ERROR 2023-11-20T18:47:00.793-08:00 lsst.ctrl.mpexec.mpGraphExecutor ()(mpGraphExecutor.py:675) -   - FAILED: <TaskDef(lsst.ip.isr.isrTask.IsrTask, label=overscan) dataId={instrument: 'DECam', detector: 1, exposure: 1220161, ...}>

I’ve tried running with --start-method spawn and I haven’t been able to recreate the issue, so perhaps this is the issue.
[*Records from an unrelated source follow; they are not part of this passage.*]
lemma sqrt_le_sqrt_add_sqrt:
  fixes X A B :: real
  assumes "0 \<le> A" "0 \<le> B" and bound: "\<And>t. 0 < t \<Longrightarrow> X \<le> (1 + t) * A + (1 + 1/t) * B"
  shows "sqrt X \<le> sqrt A + sqrt B"
proof -
  have approx: "X \<le> (sqrt (A + \<epsilon>) + sqrt (B + \<epsilon>))^2" if "0 < \<epsilon>" for \<epsilon>
  proof -
    define p q where "p = sqrt (A + \<epsilon>)" and "q = sqrt (B + \<epsilon>)"
    have pq: "0 < p" "0 < q" "A + \<epsilon> = p^2" "B + \<epsilon> = q^2"
      unfolding p_def q_def using assms that by auto
    have "X \<le> (1 + q/p) * A + (1 + 1/(q/p)) * B" using pq by (intro bound) simp
    also have "\<dots> \<le> (1 + q/p) * (A + \<epsilon>) + (1 + 1/(q/p)) * (B + \<epsilon>)"
      using pq that by (intro add_mono mult_left_mono) auto
    also have "\<dots> = (p + q)^2"
      unfolding pq(3,4) using pq(1,2) by (simp add: field_simps power2_eq_square)
    finally show ?thesis unfolding p_def q_def .
  qed
  have "((\<lambda>\<epsilon>. (sqrt (A + \<epsilon>) + sqrt (B + \<epsilon>))^2) \<longlongrightarrow> (sqrt (A + 0) + sqrt (B + 0))^2) (at_right 0)"
    by (intro tendsto_intros)
  moreover have "\<forall>\<^sub>F \<epsilon> in at_right 0. X \<le> (sqrt (A + \<epsilon>) + sqrt (B + \<epsilon>))^2"
    using eventually_at_right_less[of 0] by eventually_elim (rule approx)
  ultimately have "X \<le> (sqrt A + sqrt B)^2"
    using tendsto_lowerbound by fastforce
  then have "sqrt X \<le> sqrt ((sqrt A + sqrt B)^2)" by (rule real_sqrt_le_mono)
  then show ?thesis using assms by simp
qed

lemma Hnorm_nonneg:
  assumes "0 \<le> a" "0 \<le> \<gamma> * kappa \<alpha>"
  shows "0 \<le> Hnorm a \<gamma> \<alpha> p"
  by (cases p rule: prod_cases5) (simp add: assms L2norm2_nonneg)

lemma Hnorm_scale:
  assumes "in_H p"
  shows "Hnorm a \<gamma> \<alpha> (st_scale c p) = cmod c * Hnorm a \<gamma> \<alpha> p"
proof (cases p rule: prod_cases5)
  case (fields u v y z w)
  then have "H1 u" "H1 y" using assms by (auto simp: H1L_def H10_def)
  then have "Hnorm a \<gamma> \<alpha> (st_scale c p) = sqrt ((cmod c)^2 * (L2norm2 {0..1} v + L2norm2 {0..1} (wderiv u)
      + L2norm2 {0..1} z + a * L2norm2 {0..1} (wderiv y) + \<gamma> * kappa \<alpha> * L2norm2 UNIV w))"
    unfolding fields by (simp add: L2norm2_cmult L2norm2_wderiv_cmult algebra_simps)
  then show ?thesis unfolding fields by (simp add: real_sqrt_mult)
qed

lemma Hnorm_sq:
  assumes "0 \<le> a" "0 \<le> \<gamma> * kappa \<alpha>"
  shows "(Hnorm a \<gamma> \<alpha> (u, v, y, z, w))^2 = L2norm2 {0..1} v + L2norm2 {0..1} (wderiv u)
      + L2norm2 {0..1} z + a * L2norm2 {0..1} (wderiv y) + \<gamma> * kappa \<alpha> * L2norm2 UNIV w"
  unfolding Hnorm.simps by (rule real_sqrt_pow2) (simp add: assms L2norm2_nonneg)

lemma Hnorm_add_sq_le:
  assumes a: "0 \<le> a" and \<gamma>: "0 \<le> \<gamma> * kappa \<alpha>" and "in_H p" "in_H q" "0 < t"
  shows "(Hnorm a \<gamma> \<alpha> (st_add p q))^2 \<le> (1 + t) * (Hnorm a \<gamma> \<alpha> p)^2 + (1 + 1/t) * (Hnorm a \<gamma> \<alpha> q)^2"
proof -
  obtain u v y z w where p: "p = (u, v, y, z, w)" by (rule prod_cases5)
  obtain u' v' y' z' w' where q: "q = (u', v', y', z', w')" by (rule prod_cases5)
  have H1: "H1 u" "H1 u'" "H1 y" "H1 y'" using assms p q by (auto simp: H1L_def H10_def)
  then have "L2on {0..1} (wderiv u)" "L2on {0..1} (wderiv u')"
    "L2on {0..1} (wderiv y)" "L2on {0..1} (wderiv y')"
    by (auto intro: has_weak_deriv_L2on has_weak_deriv_wderiv)
  moreover have "L2on {0..1} v" "L2on {0..1} v'" "L2on {0..1} z" "L2on {0..1} z'"
    "L2on UNIV w" "L2on UNIV w'"
    using assms p q by auto
  ultimately have "(Hnorm a \<gamma> \<alpha> (st_add p q))^2
      \<le> ((1 + t) * L2norm2 {0..1} v + (1 + 1/t) * L2norm2 {0..1} v')
        + ((1 + t) * L2norm2 {0..1} (wderiv u) + (1 + 1/t) * L2norm2 {0..1} (wderiv u'))
        + ((1 + t) * L2norm2 {0..1} z + (1 + 1/t) * L2norm2 {0..1} z')
        + a * ((1 + t) * L2norm2 {0..1} (wderiv y) + (1 + 1/t) * L2norm2 {0..1} (wderiv y'))
        + \<gamma> * kappa \<alpha> * ((1 + t) * L2norm2 UNIV w + (1 + 1/t) * L2norm2 UNIV w')"
    unfolding p q st_add.simps Hnorm_sq[OF a \<gamma>] L2norm2_wderiv_add[OF H1(1,2)] L2norm2_wderiv_add[OF H1(3,4)]
    by (intro add_mono mult_left_mono L2norm2_add_le \<open>0 < t\<close> a \<gamma>)
  also have "\<dots> = (1 + t) * (Hnorm a \<gamma> \<alpha> p)^2 + (1 + 1/t) * (Hnorm a \<gamma> \<alpha> q)^2"
    unfolding p q Hnorm_sq[OF a \<gamma>] by (simp add: algebra_simps)
  finally show ?thesis .
qed

lemma Hnorm_triangle:
  assumes "0 \<le> a" "0 \<le> \<gamma> * kappa \<alpha>" "in_H p" "in_H q"
  shows "Hnorm a \<gamma> \<alpha> (st_add p q) \<le> Hnorm a \<gamma> \<alpha> p + Hnorm a \<gamma> \<alpha> q"
proof -
  have "sqrt ((Hnorm a \<gamma> \<alpha> (st_add p q))^2) \<le> sqrt ((Hnorm a \<gamma> \<alpha> p)^2) + sqrt ((Hnorm a \<gamma> \<alpha> q)^2)"
    using Hnorm_add_sq_le[OF assms] by (intro sqrt_le_sqrt_add_sqrt) auto
  then show ?thesis using Hnorm_nonneg[OF assms(1,2)] by simp
qed

lemma energy_space_seminormed:
  assumes "0 \<le> a" "0 \<le> \<gamma> * kappa \<alpha>"
  shows "seminormed_state_space in_H (Hnorm a \<gamma> \<alpha>)"
  by unfold_locales (use assms in \<open>auto intro: in_H_add in_H_scale Hnorm_triangle Hnorm_scale Hnorm_nonneg\<close>)

section \<open>Quasimodes\<close>

locale quasimode =
  fixes s b :: real and n :: nat
  assumes s_pos: "0 < s" and s_ne_1: "s \<noteq> 1" and n_pos: "1 \<le> n"
begin

definition "m = nat \<lceil>real n * s\<rceil>"
definition "k1 = real n * pi"
definition "k2 = real m * pi"
definition "lam = s * k1"
definition "e = \<bar>s^2 - 1\<bar>"

(* c1 cancels the sin(k1 x) part of the u-residual, c2 then enforces u_x(1) = 0 *)
definition "c1 = lam * b / (lam^2 - k1^2)"
definition "c2 = - c1 * k1 * cos k1 / (k2 * cos k2)"

definition "U x = c1 * sin (k1 * x) + c2 * sin (k2 * x)"
definition "mode_u x = \<i> * complex_of_real (U x)"
definition "mode_y x = complex_of_real (sin (k1 * x))"
definition "mode = (mode_u, \<lambda>x. \<i> * complex_of_real lam * mode_u x,
                    mode_y, \<lambda>x. \<i> * complex_of_real lam * mode_y x, \<lambda>\<xi>. 0)"

lemma m_bounds: "real n * s \<le> real m" "real m < real n * s + 1"
proof -
  have "real m = of_int \<lceil>real n * s\<rceil>" unfolding m_def using s_pos by simp
  then show "real n * s \<le> real m" "real m < real n * s + 1" by linarith+
qed

lemma m_pos: "0 < real m"
proof -
  have "0 < real n * s" using s_pos n_pos by simp
  then show ?thesis using m_bounds(1) by linarith
qed

lemma e_pos: "0 < e"
  using s_pos s_ne_1 power2_eq_1_iff[of s] unfolding e_def by auto

lemma lam_pos: "0 < lam"
  unfolding lam_def k1_def using s_pos n_pos by simp

lemma lam_sq_minus_k1_sq: "lam^2 - k1^2 = k1^2 * (s^2 - 1)"
  unfolding lam_def by (simp add: algebra_simps power_mult_distrib)

lemma c1_eq: "c1 * (lam^2 - k1^2) = lam * b"
  unfolding c1_def lam_sq_minus_k1_sq using e_pos n_pos unfolding e_def k1_def by auto

lemma k1_pos: "0 < k1"
  unfolding k1_def using n_pos by simp

lemma abs_c1: "\<bar>c1\<bar> = s * \<bar>b\<bar> / (k1 * e)"
proof -
  have "\<bar>c1\<bar> = \<bar>lam * b\<bar> / (k1^2 * e)"
    unfolding c1_def lam_sq_minus_k1_sq e_def by (simp add: abs_mult abs_divide)
  also have "\<dots> = s * \<bar>b\<bar> / (k1 * e)"
    unfolding lam_def using s_pos k1_pos by (simp add: abs_mult power2_eq_square)
  finally show ?thesis .
qed

lemma abs_c2: "\<bar>c2\<bar> = s * \<bar>b\<bar> / (k2 * e)"
proof -
  have "\<bar>cos k1\<bar> = 1" "\<bar>cos k2\<bar> = 1" unfolding k1_def k2_def by simp_all
  then have "\<bar>c2\<bar> = \<bar>c1\<bar> * k1 / k2"
    unfolding c2_def using m_pos n_pos by (simp add: abs_mult abs_divide k1_def k2_def)
  then show ?thesis unfolding abs_c1 using n_pos by (simp add: k1_def)
qed

lemma dx_U_at_1: "c1 * k1 * cos k1 + c2 * k2 * cos k2 = 0"
  unfolding c2_def k2_def using m_pos by simp

lemma residual_u_coeff_bound: "\<bar>c2 * (lam^2 - k2^2)\<bar> \<le> 2 * pi * s * \<bar>b\<bar> / e"
proof -
  have "lam \<le> k2" unfolding lam_def k1_def k2_def using m_bounds(1) by (simp add: mult_ac)
  then have "lam^2 \<le> k2^2" using lam_pos by (intro power_mono) auto
  then have "\<bar>lam^2 - k2^2\<bar> = k2^2 - lam^2" by simp
  also have "\<dots> = pi^2 * ((real m - real n * s) * (real m + real n * s))"
    unfolding lam_def k1_def k2_def by (simp add: power2_eq_square algebra_simps)
  also have "\<dots> \<le> pi^2 * (1 * (2 * real m))"
    using m_bounds s_pos by (intro mult_left_mono mult_mono) auto
  finally have "\<bar>c2\<bar> * \<bar>lam^2 - k2^2\<bar> \<le> \<bar>c2\<bar> * (pi^2 * (2 * real m))"
    by (intro mult_left_mono) auto
  also have "\<dots> = 2 * pi * s * \<bar>b\<bar> / e"
    unfolding abs_c2 k2_def using m_pos e_pos by (simp add: field_simps power2_eq_square)
  finally show ?thesis by (simp add: abs_mult)
qed

lemma residual_y_coeff_bound: "lam * \<bar>b\<bar> * (\<bar>c1\<bar> + \<bar>c2\<bar>) \<le> s^2 * \<bar>b\<bar>^2 * (1 + 1/s) / e"
proof -
  obtain B where B: "\<bar>b\<bar> = B" by simp
  have "lam * B * (s * B / (k1 * e) + s * B / (k2 * e)) = s^2 * B^2 * (1 + real n / real m) / e"
    unfolding lam_def k1_def k2_def using n_pos m_pos e_pos by (simp add: field_simps power2_eq_square)
  then have "lam * \<bar>b\<bar> * (\<bar>c1\<bar> + \<bar>c2\<bar>) = s^2 * \<bar>b\<bar>^2 * (1 + real n / real m) / e"
    unfolding abs_c1 abs_c2 B .
  also have "\<dots> \<le> s^2 * \<bar>b\<bar>^2 * (1 + 1/s) / e"
    using m_bounds(1) s_pos m_pos e_pos by (intro divide_right_mono mult_left_mono) (auto simp: field_simps)
  finally show ?thesis .
qed

lemma mode_u_weak_derivs:
  "H1 mode_u" "H2 mode_u" "dx_at1 mode_u = 0"
  "AE t in lebesgue_on {0..1}. wderiv2 mode_u t
     = \<i> * complex_of_real (- c1 * k1^2 * sin (k1 * t) - c2 * k2^2 * sin (k2 * t))"
  "L2on {0..1} (wderiv2 mode_u)"
  using sine_sum_weak_derivs[of \<i> c1 k1 c2 k2] dx_U_at_1
  unfolding mode_u_def[abs_def] U_def by simp_all

lemma mode_y_weak_derivs:
  "H1 mode_y" "H2 mode_y"
  "AE t in lebesgue_on {0..1}. wderiv2 mode_y t = complex_of_real (- (k1^2 * sin (k1 * t)))"
  "L2on {0..1} (wderiv2 mode_y)"
  using sine_sum_weak_derivs[of 1 1 k1 0 k1] unfolding mode_y_def[abs_def] by simp_all

lemma mode_boundary_values: "mode_u 0 = 0" "mode_u 1 = 0" "mode_y 0 = 0" "mode_y 1 = 0"
  unfolding mode_u_def mode_y_def U_def k1_def k2_def by simp_all

lemma mode_continuous_on: "continuous_on {0..1} mode_u" "continuous_on {0..1} mode_y"
  unfolding mode_u_def[abs_def] mode_y_def[abs_def] U_def by (intro continuous_intros)+

lemma mode_in_H: "in_H mode"
  using mode_u_weak_derivs mode_y_weak_derivs mode_boundary_values mode_continuous_on
  unfolding mode_def by (simp add: H1L_def H10_def L2on_continuous_on L2on_cmult)

lemma mode_in_DA: "in_DA \<gamma> \<alpha> \<eta> mode"
  using mode_in_H mode_u_weak_derivs mode_y_weak_derivs mode_boundary_values
  unfolding mode_def by (simp add: H1L_def H10_def H1_cmult del: in_H.simps)

lemma opA_mode_in_H: "in_H (opA (s^2) b \<alpha> \<eta> mode)"
  using mode_u_weak_derivs mode_y_weak_derivs mode_boundary_values mode_continuous_on
  unfolding mode_def
  by (simp add: H1L_def H10_def H1_cmult L2on_continuous_on L2on_cmult L2on_add L2on_diff)

lemma Hnorm_mode_ge:
  assumes "0 \<le> \<gamma> * kappa \<alpha>"
  shows "lam / sqrt 2 \<le> Hnorm (s^2) \<gamma> \<alpha> mode"
proof -
  have "2 * k1 = real (2 * n) * pi" unfolding k1_def by simp
  then have "sin (2 * k1) = 0" by (simp only: sin_npi)
  then have "L2norm2 {0..1} mode_y = 1/2"
    using integral_sin_sq[of k1] k1_pos unfolding L2norm2_def mode_y_def by simp
  then have "L2norm2 {0..1} (\<lambda>x. \<i> * complex_of_real lam * mode_y x) = lam^2 / 2"
    by (simp add: L2norm2_cmult norm_mult)
  then have "lam^2 / 2 \<le> L2norm2 {0..1} (\<lambda>x. \<i> * complex_of_real lam * mode_u x)
      + L2norm2 {0..1} (wderiv mode_u) + L2norm2 {0..1} (\<lambda>x. \<i> * complex_of_real lam * mode_y x)
      + s^2 * L2norm2 {0..1} (wderiv mode_y) + \<gamma> * kappa \<alpha> * L2norm2 UNIV (\<lambda>\<xi>. 0)"
    using assms by (simp add: L2norm2_nonneg)
  then have "sqrt (lam^2 / 2) \<le> Hnorm (s^2) \<gamma> \<alpha> mode"
    unfolding mode_def Hnorm.simps by (rule real_sqrt_le_mono)
  then show ?thesis using lam_pos by (simp add: real_sqrt_divide)
qed

lemma residual_u_AE:
  "AE t in lebesgue_on {0..1}.
     wderiv2 mode_u t - b * (\<i> * lam * mode_y t) - \<i> * lam * (\<i> * lam * mode_u t)
       = \<i> * complex_of_real (c2 * (lam^2 - k2^2) * sin (k2 * t))"
  using mode_u_weak_derivs(4)
proof (rule eventually_mono)
  fix t
  have "- c1 * k1^2 * sin (k1 * t) - c2 * k2^2 * sin (k2 * t) - b * lam * sin (k1 * t) + lam^2 * U t
      = sin (k1 * t) * (c1 * (lam^2 - k1^2) - lam * b) + c2 * (lam^2 - k2^2) * sin (k2 * t)"
    unfolding U_def by (simp add: algebra_simps)
  then have "- c1 * k1^2 * sin (k1 * t) - c2 * k2^2 * sin (k2 * t) - b * lam * sin (k1 * t) + lam^2 * U t
      = c2 * (lam^2 - k2^2) * sin (k2 * t)"
    using c1_eq by simp
  then show "wderiv2 mode_u t = \<i> * complex_of_real (- c1 * k1^2 * sin (k1 * t) - c2 * k2^2 * sin (k2 * t))
    \<Longrightarrow> wderiv2 mode_u t - b * (\<i> * lam * mode_y t) - \<i> * lam * (\<i> * lam * mode_u t)
       = \<i> * complex_of_real (c2 * (lam^2 - k2^2) * sin (k2 * t))"
    unfolding mode_u_def mode_y_def by (simp add: complex_eq_iff algebra_simps power2_eq_square)
qed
I’ve uploaded the quantum graph here. The log file is too big (8MB), so I’ve uploaded it without the debug messages and put the full one here.

isr1_no_debug.log (63.5 KB)
isr.qgraph (29.5 KB)

Thank you for the detailed response. We think the problem is that the connection pool is set up before we start processing quanta and the connections end up in the forks. The current plan is to change the default start method to spawn on all platforms as the only safe solution. This is not the first time that fork has bitten us and the small performance savings are not worth all this pain.

We would be interested to know if --start-method forkserver works fine as well.

I’ve run the pipeline 6 times with --start-method forkserver and haven’t seen the issue. It comes up immediately with fork, so I think forkserver is okay.

1 Like

Last week’s weekly should have the fix in it. We have stopped using fork completely and now default to spawn. forkserver is still an option.